## [TO DO]
For the data below, restate word for word only the lines from the line containing "S1 \<inter> S2" through the line containing "The binomials generating", both ends included.

RECORDS section start

(* Let $G$ be a finite simple graph on $[d]$. Then $K_G=\langle [I_G]_2\rangle+M_G$.
   Context: A stable set of $G$ is a subset of $[d]$ with no edge of $G$ (including $\emptyset$ and singletons); $S(G)$ is the set of stable sets; $R[G]=\mathbb{K}[x_S : S\in S(G)]$ over a field $\mathbb{K}$, all variables of degree $1$. $I_G$ is the kernel of $\pi:R[G]\to\mathbb{K}[t_1,\dots,t_d,s]$, $\pi(x_S)=s\prod_{j\in S}t_j$; $\langle [I_G]_2\rangle$ is the ideal generated by the degree-$2$ homogeneous elements of $I_G$. $J_G$ is the ideal generated by all $x_{S_1}x_{S_2}-x_{S_3}x_{S_4}$ with $S_i\in S(G)$, $S_1\cap S_2=S_3\cap S_4=\emptyset$, $S_1\cup S_2=S_3\cup S_4$. $M_G=\langle x_Sx_T : S,T\in S(G),\ S\cap T\neq\emptyset\rangle$ and $K_G=J_G+M_G$. *)

theory Defs
  imports "HOL-Library.Poly_Mapping"
begin

(* Polynomials over a field in variables indexed by subsets of nat
(x_S for a set S) are elements of type ((nat set \<Rightarrow>\<^sub>0 nat) \<Rightarrow>\<^sub>0 'k);
monomials are exponent vectors.  The target ring K[t_1..t_d, s] is
((nat \<Rightarrow>\<^sub>0 nat) \<Rightarrow>\<^sub>0 'k) with t_j the variable j (1 \<le> j \<le> d) and s the variable 0. *)

type_synonym 'k mpoly_sets = "(nat set \<Rightarrow>\<^sub>0 nat) \<Rightarrow>\<^sub>0 'k"
type_synonym 'k mpoly_nat = "(nat \<Rightarrow>\<^sub>0 nat) \<Rightarrow>\<^sub>0 'k"

definition simple_graph_on :: "nat \<Rightarrow> nat set set \<Rightarrow> bool" where
  "simple_graph_on d E \<longleftrightarrow> (\<forall>e\<in>E. e \<subseteq> {1..d} \<and> card e = 2)"

definition stable_sets :: "nat \<Rightarrow> nat set set \<Rightarrow> nat set set" where
  "stable_sets d E = {S. S \<subseteq> {1..d} \<and> (\<forall>e\<in>E. \<not> e \<subseteq> S)}"

definition var :: "nat set \<Rightarrow> 'k::comm_ring_1 mpoly_sets" where
  "var S = Poly_Mapping.single (Poly_Mapping.single S 1) 1"

definition RG :: "nat \<Rightarrow> nat set set \<Rightarrow> 'k::comm_ring_1 mpoly_sets set" where
  "RG d E = {p. \<forall>\<alpha>\<in>Poly_Mapping.keys p. Poly_Mapping.keys \<alpha> \<subseteq> stable_sets d E}"

definition mdeg :: "(nat set \<Rightarrow>\<^sub>0 nat) \<Rightarrow> nat" where
  "mdeg \<alpha> = (\<Sum>S\<in>Poly_Mapping.keys \<alpha>. Poly_Mapping.lookup \<alpha> S)"

definition homogeneous_of :: "nat \<Rightarrow> 'k::comm_ring_1 mpoly_sets \<Rightarrow> bool" where
  "homogeneous_of n p \<longleftrightarrow> (\<forall>\<alpha>\<in>Poly_Mapping.keys p. mdeg \<alpha> = n)"

definition pi_exp :: "(nat set \<Rightarrow>\<^sub>0 nat) \<Rightarrow> (nat \<Rightarrow>\<^sub>0 nat)" where
  "pi_exp \<alpha> = (\<Sum>S\<in>Poly_Mapping.keys \<alpha>. Poly_Mapping.single 0 (Poly_Mapping.lookup \<alpha> S)
                 + (\<Sum>j\<in>S. Poly_Mapping.single j (Poly_Mapping.lookup \<alpha> S)))"

(* The K-algebra homomorphism \<pi> : x_S \<mapsto> s * prod_{j\<in>S} t_j, extended linearly. *)
definition piG :: "'k::comm_ring_1 mpoly_sets \<Rightarrow> 'k mpoly_nat" where
  "piG p = (\<Sum>\<alpha>\<in>Poly_Mapping.keys p. Poly_Mapping.single (pi_exp \<alpha>) (Poly_Mapping.lookup p \<alpha>))"

definition IG :: "nat \<Rightarrow> nat set set \<Rightarrow> 'k::comm_ring_1 mpoly_sets set" where
  "IG d E = {p \<in> RG d E. piG p = 0}"

definition ideal_gen :: "'k::comm_ring_1 mpoly_sets set \<Rightarrow> 'k mpoly_sets set \<Rightarrow> 'k mpoly_sets set" where
  "ideal_gen R X = {p. \<exists>F r. finite F \<and> F \<subseteq> X \<and> (\<forall>g\<in>F. r g \<in> R) \<and> p = (\<Sum>g\<in>F. r g * g)}"

definition ideal_sum :: "'a::plus set \<Rightarrow> 'a set \<Rightarrow> 'a set" where
  "ideal_sum I J = {a + b | a b. a \<in> I \<and> b \<in> J}"

definition JG :: "nat \<Rightarrow> nat set set \<Rightarrow> 'k::comm_ring_1 mpoly_sets set" where
  "JG d E = ideal_gen (RG d E)
     {var S1 * var S2 - var S3 * var S4 | S1 S2 S3 S4.
        S1 \<in> stable_sets d E \<and> S2 \<in> stable_sets d E \<and> S3 \<in> stable_sets d E \<and> S4 \<in> stable_sets d E
        \<and> S1 \<inter> S2 = {} \<and> S3 \<inter> S4 = {} \<and> S1 \<union> S2 = S3 \<union> S4}"

definition MG :: "nat \<Rightarrow> nat set set \<Rightarrow> 'k::comm_ring_1 mpoly_sets set" where
  "MG d E = ideal_gen (RG d E)
     {var S * var T | S T. S \<in> stable_sets d E \<and> T \<in> stable_sets d E \<and> S \<inter> T \<noteq> {}}"

definition KG :: "nat \<Rightarrow> nat set set \<Rightarrow> 'k::comm_ring_1 mpoly_sets set" where
  "KG d E = ideal_sum (JG d E) (MG d E)"

end

theory Submission
  imports Defs
begin

(*
  The binomials generating J_G are quadratic and lie in I_G; this gives K_G inside <[I_G]_2> + M_G.
  Conversely, a quadratic p in I_G is a combination of monomials x_S x_T with S, T stable, and
  those with S and T overlapping lie in M_G.  For disjoint S, T the image
  pi(x_S x_T) = s^2 prod_{j in S Un T} t_j is squarefree in the t_j: it is never the image of an
  overlapping monomial, and it determines S Un T.  So pi(p) = 0 forces the coefficients of p on
  each fibre {x_S x_T : S, T disjoint, S Un T = U} to sum to zero, and such a combination is a sum
  of multiples of binomials x_S x_T - x_S' x_T' in J_G.
*)

lemma ideal_genI:
  assumes "finite F" "F \<subseteq> X" "\<forall>g\<in>F. r g \<in> R" "p = (\<Sum>g\<in>F. r g * g)"
  shows "p \<in> ideal_gen R X"
  using assms unfolding ideal_gen_def by blast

RECORDS section end

## [COMPLETED TASK]
        \<and> S1 \<inter> S2 = {} \<and> S3 \<inter> S4 = {} \<and> S1 \<union> S2 = S3 \<union> S4}"

definition MG :: "nat \<Rightarrow> nat set set \<Rightarrow> 'k::comm_ring_1 mpoly_sets set" where
  "MG d E = ideal_gen (RG d E)
     {var S * var T | S T. S \<in> stable_sets d E \<and> T \<in> stable_sets d E \<and> S \<inter> T \<noteq> {}}"

definition KG :: "nat \<Rightarrow> nat set set \<Rightarrow> 'k::comm_ring_1 mpoly_sets set" where
  "KG d E = ideal_sum (JG d E) (MG d E)"

end

theory Submission
  imports Defs
begin

(*
  The binomials generating J_G are quadratic and lie in I_G; this gives K_G inside <[I_G]_2> + M_G.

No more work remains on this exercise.